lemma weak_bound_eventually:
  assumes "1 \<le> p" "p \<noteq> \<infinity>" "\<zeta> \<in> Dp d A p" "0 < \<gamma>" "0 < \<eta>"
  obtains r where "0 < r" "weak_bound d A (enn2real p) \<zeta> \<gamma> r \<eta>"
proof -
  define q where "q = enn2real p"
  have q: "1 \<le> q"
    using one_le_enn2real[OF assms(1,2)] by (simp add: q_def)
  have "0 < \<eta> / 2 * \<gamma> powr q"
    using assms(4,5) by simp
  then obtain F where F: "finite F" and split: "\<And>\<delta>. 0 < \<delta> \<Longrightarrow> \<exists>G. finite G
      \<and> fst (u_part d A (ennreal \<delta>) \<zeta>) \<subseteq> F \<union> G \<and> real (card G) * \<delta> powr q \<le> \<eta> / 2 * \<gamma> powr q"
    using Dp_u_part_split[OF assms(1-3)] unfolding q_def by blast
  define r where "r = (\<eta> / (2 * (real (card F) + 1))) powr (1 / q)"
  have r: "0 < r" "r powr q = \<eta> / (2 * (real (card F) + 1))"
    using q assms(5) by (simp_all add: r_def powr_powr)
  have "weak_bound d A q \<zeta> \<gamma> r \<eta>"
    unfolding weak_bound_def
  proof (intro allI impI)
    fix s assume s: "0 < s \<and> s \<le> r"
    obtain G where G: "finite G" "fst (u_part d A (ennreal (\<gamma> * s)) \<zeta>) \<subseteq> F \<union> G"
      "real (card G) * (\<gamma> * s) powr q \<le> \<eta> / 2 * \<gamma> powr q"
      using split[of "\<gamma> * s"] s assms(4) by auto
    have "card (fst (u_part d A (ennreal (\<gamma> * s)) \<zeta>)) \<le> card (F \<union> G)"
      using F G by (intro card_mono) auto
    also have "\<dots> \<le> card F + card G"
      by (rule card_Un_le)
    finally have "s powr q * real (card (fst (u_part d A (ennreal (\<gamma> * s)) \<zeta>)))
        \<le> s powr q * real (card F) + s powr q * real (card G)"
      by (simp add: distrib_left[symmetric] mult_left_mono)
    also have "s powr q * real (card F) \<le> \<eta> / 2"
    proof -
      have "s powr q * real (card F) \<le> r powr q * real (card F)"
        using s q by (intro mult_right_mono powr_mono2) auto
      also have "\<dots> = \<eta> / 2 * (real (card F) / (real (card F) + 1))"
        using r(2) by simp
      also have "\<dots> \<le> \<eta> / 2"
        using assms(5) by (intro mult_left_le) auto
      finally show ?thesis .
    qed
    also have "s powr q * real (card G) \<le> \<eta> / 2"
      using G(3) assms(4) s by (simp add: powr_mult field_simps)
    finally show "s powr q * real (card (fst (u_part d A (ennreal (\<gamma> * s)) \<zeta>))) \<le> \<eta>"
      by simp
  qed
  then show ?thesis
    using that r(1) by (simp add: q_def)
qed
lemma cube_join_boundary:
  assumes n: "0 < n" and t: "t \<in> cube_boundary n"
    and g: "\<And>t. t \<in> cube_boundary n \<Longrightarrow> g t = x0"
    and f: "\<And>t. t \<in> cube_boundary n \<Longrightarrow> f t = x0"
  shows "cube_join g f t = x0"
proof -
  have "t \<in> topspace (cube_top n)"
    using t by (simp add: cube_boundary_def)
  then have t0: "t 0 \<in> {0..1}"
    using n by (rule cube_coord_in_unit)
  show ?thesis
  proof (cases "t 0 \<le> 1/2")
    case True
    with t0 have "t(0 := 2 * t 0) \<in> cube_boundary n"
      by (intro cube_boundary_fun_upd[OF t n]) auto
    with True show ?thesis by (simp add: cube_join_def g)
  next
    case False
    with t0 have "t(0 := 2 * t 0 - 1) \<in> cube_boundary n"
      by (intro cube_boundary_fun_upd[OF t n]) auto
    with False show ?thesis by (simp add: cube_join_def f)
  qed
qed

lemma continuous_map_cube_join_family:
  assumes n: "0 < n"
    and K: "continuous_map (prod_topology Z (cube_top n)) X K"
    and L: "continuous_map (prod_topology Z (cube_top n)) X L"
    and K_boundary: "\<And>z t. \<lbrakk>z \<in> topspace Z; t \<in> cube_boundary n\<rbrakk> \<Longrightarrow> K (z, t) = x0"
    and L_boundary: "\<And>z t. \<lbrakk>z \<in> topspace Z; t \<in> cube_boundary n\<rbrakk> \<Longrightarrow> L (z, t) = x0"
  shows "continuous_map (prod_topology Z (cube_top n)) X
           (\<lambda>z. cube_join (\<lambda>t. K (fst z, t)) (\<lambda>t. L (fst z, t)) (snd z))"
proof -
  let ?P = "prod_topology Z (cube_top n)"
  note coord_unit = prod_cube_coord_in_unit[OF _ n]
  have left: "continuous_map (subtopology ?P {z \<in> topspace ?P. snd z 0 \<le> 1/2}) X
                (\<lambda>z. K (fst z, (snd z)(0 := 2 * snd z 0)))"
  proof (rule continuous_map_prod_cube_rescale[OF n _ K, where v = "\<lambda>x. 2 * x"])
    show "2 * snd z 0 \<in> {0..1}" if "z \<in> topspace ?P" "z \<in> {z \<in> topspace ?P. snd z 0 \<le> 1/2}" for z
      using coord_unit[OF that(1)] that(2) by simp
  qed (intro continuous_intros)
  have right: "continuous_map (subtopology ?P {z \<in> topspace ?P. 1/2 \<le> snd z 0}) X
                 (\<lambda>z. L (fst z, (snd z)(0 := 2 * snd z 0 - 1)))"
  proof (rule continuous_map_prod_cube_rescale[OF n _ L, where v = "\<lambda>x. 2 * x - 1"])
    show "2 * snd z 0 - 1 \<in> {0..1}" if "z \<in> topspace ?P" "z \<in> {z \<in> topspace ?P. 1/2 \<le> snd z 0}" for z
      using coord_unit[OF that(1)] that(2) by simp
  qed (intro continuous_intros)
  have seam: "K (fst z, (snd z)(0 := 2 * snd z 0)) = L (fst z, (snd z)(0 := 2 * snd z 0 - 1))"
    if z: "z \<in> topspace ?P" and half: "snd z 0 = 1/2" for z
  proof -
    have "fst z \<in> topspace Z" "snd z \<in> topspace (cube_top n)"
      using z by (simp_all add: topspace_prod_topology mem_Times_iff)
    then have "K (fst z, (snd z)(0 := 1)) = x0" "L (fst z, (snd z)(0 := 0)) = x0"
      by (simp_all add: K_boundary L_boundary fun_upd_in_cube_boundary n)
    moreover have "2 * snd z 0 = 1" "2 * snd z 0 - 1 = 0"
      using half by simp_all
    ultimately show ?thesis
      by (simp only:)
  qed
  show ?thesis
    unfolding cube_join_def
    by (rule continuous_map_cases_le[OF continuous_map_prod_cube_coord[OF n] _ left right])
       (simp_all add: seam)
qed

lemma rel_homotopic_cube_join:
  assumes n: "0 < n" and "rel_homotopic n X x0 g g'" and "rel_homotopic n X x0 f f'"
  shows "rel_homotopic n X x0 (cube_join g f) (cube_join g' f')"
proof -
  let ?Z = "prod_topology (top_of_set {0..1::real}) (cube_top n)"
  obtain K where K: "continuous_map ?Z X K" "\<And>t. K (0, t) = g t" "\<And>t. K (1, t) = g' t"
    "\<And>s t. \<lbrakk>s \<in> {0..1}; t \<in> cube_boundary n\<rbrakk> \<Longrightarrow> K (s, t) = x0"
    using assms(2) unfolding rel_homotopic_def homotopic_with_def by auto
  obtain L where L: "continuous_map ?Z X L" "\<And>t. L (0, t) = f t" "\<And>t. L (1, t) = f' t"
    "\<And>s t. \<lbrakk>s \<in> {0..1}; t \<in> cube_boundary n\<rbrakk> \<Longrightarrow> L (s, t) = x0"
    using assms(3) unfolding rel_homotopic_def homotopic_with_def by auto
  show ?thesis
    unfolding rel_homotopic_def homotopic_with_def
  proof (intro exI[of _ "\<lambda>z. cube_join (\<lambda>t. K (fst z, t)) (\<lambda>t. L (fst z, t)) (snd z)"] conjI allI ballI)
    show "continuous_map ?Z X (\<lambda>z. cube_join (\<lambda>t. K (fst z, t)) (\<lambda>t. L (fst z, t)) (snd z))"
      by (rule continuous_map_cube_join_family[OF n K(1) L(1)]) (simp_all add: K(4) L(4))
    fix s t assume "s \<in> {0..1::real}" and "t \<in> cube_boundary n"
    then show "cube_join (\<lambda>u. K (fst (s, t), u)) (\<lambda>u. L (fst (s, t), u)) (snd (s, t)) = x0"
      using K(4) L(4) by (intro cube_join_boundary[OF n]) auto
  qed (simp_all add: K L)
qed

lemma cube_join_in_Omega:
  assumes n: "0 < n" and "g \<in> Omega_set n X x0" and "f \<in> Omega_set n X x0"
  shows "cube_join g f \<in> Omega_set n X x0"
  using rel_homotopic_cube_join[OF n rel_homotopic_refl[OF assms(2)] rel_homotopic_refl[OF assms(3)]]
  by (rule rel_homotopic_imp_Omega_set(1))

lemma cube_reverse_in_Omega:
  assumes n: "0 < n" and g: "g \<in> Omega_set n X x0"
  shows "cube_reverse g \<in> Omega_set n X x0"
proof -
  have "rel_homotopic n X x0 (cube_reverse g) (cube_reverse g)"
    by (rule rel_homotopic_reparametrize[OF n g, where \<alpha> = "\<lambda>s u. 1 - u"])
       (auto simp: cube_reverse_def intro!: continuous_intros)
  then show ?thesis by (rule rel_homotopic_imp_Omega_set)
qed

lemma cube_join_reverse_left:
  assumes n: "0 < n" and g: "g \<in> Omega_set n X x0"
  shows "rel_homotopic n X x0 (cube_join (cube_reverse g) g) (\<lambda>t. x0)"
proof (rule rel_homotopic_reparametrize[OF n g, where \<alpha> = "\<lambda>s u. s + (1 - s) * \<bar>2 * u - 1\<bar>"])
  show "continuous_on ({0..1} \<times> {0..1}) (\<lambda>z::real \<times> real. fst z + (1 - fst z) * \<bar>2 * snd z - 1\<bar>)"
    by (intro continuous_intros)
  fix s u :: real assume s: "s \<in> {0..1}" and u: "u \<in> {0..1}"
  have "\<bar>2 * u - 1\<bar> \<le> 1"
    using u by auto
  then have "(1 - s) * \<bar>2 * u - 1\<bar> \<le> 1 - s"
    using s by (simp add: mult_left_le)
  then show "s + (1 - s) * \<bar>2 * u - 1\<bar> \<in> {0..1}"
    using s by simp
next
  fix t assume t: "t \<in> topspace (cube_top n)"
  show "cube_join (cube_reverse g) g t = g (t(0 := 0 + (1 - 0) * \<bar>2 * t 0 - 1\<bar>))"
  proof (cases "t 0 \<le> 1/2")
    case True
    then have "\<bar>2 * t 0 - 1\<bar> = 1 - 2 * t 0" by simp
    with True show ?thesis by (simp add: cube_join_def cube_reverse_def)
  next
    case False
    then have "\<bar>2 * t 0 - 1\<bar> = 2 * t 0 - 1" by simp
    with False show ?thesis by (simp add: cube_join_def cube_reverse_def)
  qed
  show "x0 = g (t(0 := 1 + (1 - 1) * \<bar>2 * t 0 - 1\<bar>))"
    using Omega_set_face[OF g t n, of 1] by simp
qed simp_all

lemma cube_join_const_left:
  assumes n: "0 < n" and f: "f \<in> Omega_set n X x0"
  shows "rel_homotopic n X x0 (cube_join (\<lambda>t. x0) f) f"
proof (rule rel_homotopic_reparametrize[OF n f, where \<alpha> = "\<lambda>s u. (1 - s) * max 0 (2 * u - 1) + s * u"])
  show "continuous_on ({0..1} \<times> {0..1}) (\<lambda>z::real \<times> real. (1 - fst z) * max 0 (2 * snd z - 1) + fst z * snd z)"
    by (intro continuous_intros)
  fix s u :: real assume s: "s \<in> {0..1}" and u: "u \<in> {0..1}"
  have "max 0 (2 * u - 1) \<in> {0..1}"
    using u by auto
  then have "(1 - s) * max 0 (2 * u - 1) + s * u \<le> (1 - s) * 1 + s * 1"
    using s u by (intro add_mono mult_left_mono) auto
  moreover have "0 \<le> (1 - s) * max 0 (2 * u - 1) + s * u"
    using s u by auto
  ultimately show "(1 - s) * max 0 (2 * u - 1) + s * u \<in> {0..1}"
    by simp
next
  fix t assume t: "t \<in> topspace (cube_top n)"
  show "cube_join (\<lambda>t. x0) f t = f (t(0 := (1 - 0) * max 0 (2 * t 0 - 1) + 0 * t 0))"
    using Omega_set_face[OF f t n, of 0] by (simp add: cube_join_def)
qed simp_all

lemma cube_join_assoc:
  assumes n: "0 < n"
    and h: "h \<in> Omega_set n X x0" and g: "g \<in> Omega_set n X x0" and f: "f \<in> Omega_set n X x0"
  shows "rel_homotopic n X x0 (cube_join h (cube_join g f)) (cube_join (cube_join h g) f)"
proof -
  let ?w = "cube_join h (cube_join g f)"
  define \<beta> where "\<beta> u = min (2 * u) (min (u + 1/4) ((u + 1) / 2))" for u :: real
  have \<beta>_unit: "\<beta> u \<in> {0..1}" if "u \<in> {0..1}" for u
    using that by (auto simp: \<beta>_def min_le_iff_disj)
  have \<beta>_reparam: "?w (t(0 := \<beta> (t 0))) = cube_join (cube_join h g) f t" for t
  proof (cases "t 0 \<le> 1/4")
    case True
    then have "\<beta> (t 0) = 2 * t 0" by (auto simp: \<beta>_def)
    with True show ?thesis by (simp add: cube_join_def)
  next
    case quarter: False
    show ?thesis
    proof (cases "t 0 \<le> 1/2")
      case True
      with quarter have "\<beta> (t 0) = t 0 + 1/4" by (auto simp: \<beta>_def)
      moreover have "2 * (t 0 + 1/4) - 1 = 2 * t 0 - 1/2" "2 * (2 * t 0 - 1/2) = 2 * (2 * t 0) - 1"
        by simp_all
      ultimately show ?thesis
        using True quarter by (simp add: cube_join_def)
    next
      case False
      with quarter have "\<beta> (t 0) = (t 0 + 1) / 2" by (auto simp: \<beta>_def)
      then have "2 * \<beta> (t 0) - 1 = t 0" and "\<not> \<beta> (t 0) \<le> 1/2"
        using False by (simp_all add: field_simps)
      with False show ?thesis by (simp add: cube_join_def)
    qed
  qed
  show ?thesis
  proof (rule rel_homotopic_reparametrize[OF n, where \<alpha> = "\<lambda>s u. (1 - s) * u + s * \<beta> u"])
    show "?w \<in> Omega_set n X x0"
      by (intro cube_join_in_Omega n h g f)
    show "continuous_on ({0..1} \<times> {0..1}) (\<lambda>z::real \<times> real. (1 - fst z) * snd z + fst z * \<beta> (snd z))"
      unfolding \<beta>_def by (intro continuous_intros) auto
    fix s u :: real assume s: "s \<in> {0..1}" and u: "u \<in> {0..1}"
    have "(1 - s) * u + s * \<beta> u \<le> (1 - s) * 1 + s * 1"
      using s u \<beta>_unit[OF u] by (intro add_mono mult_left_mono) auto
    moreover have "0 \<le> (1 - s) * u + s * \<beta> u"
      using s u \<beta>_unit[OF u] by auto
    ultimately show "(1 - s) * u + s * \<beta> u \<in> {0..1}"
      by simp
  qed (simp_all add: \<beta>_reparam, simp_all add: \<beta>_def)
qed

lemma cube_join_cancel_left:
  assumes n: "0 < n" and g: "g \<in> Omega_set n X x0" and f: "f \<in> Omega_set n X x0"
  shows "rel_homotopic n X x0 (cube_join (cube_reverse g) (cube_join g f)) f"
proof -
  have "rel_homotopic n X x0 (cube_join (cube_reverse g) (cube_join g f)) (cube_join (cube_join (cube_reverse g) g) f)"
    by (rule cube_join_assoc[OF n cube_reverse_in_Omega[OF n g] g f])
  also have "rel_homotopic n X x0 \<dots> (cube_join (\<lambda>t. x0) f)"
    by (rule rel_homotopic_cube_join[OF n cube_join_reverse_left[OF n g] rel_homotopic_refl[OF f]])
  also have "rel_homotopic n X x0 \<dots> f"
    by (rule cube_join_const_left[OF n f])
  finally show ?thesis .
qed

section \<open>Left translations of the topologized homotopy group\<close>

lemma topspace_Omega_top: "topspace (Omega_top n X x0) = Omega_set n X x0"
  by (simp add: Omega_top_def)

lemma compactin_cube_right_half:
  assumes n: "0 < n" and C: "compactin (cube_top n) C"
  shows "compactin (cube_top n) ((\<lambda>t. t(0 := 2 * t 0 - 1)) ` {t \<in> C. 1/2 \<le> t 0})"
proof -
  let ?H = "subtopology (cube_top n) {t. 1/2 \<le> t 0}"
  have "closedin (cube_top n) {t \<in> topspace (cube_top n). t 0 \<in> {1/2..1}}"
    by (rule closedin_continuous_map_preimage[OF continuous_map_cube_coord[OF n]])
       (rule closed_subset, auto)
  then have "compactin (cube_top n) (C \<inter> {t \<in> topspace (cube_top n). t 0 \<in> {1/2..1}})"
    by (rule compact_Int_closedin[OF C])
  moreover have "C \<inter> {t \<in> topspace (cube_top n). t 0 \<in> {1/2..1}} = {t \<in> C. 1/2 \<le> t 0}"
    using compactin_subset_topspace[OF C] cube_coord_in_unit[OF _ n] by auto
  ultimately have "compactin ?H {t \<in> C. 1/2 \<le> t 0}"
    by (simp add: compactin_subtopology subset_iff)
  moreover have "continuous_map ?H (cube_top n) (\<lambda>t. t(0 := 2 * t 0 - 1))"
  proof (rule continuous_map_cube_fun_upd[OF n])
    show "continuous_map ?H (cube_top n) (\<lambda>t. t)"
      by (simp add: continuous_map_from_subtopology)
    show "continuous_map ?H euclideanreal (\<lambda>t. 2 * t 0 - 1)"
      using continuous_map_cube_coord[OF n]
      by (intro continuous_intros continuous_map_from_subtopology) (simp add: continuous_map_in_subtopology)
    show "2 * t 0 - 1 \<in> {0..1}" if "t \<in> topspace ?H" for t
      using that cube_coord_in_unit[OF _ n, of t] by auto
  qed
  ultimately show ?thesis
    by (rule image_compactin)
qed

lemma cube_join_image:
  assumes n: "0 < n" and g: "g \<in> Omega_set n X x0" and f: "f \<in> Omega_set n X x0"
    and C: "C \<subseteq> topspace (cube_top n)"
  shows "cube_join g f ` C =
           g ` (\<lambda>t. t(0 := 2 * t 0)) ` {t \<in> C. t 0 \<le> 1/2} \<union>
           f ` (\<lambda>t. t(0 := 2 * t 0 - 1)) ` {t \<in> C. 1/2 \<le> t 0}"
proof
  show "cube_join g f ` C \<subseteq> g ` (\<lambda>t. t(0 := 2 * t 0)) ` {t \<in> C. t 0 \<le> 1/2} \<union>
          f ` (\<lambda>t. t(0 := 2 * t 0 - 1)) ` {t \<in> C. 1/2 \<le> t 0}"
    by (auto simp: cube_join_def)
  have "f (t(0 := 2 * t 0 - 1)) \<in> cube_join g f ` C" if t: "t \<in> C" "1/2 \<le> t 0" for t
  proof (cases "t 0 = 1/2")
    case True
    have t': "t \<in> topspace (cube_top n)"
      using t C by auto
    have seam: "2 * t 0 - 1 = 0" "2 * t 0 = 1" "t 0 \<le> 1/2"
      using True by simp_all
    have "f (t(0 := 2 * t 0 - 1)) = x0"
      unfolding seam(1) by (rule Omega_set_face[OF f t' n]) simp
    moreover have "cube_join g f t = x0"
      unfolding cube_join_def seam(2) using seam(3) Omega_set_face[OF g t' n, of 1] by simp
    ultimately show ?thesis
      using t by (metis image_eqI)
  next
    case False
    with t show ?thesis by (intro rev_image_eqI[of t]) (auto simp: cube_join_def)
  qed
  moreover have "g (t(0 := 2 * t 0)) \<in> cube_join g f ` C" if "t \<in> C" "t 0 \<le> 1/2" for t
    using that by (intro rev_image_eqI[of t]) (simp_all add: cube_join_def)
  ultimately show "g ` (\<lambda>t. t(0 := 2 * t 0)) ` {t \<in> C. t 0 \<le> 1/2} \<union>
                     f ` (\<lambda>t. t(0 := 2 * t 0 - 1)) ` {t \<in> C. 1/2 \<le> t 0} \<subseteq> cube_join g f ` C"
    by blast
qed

▬▬▬

* Problem details *
Restate word for word the entries above, starting at the line with "using assms(5) by" and ending at the line with "(\<lambda>z. K (fst", inclusive, and no others.

* Written solution *
        using assms(5) by (intro mult_left_le) auto
      finally show ?thesis .
    qed
    also have "s powr q * real (card G) \<le> \<eta> / 2"
      using G(3) assms(4) s by (simp add: powr_mult field_simps)
    finally show "s powr q * real (card (fst (u_part d A (ennreal (\<gamma> * s)) \<zeta>))) \<le> \<eta>"
      by simp
  qed
  then show ?thesis
    using that r(1) by (simp add: q_def)
qed
lemma cube_join_boundary:
  assumes n: "0 < n" and t: "t \<in> cube_boundary n"
    and g: "\<And>t. t \<in> cube_boundary n \<Longrightarrow> g t = x0"
    and f: "\<And>t. t \<in> cube_boundary n \<Longrightarrow> f t = x0"
  shows "cube_join g f t = x0"
proof -
  have "t \<in> topspace (cube_top n)"
    using t by (simp add: cube_boundary_def)
  then have t0: "t 0 \<in> {0..1}"
    using n by (rule cube_coord_in_unit)
  show ?thesis
  proof (cases "t 0 \<le> 1/2")
    case True
    with t0 have "t(0 := 2 * t 0) \<in> cube_boundary n"
      by (intro cube_boundary_fun_upd[OF t n]) auto
    with True show ?thesis by (simp add: cube_join_def g)
  next
    case False
    with t0 have "t(0 := 2 * t 0 - 1) \<in> cube_boundary n"
      by (intro cube_boundary_fun_upd[OF t n]) auto
    with False show ?thesis by (simp add: cube_join_def f)
  qed
qed

lemma continuous_map_cube_join_family:
  assumes n: "0 < n"
    and K: "continuous_map (prod_topology Z (cube_top n)) X K"
    and L: "continuous_map (prod_topology Z (cube_top n)) X L"
    and K_boundary: "\<And>z t. \<lbrakk>z \<in> topspace Z; t \<in> cube_boundary n\<rbrakk> \<Longrightarrow> K (z, t) = x0"
    and L_boundary: "\<And>z t. \<lbrakk>z \<in> topspace Z; t \<in> cube_boundary n\<rbrakk> \<Longrightarrow> L (z, t) = x0"
  shows "continuous_map (prod_topology Z (cube_top n)) X
           (\<lambda>z. cube_join (\<lambda>t. K (fst z, t)) (\<lambda>t. L (fst z, t)) (snd z))"
proof -
  let ?P = "prod_topology Z (cube_top n)"
  note coord_unit = prod_cube_coord_in_unit[OF _ n]
  have left: "continuous_map (subtopology ?P {z \<in> topspace ?P. snd z 0 \<le> 1/2}) X
                (\<lambda>z. K (fst z, (snd z)(0 := 2 * snd z 0)))"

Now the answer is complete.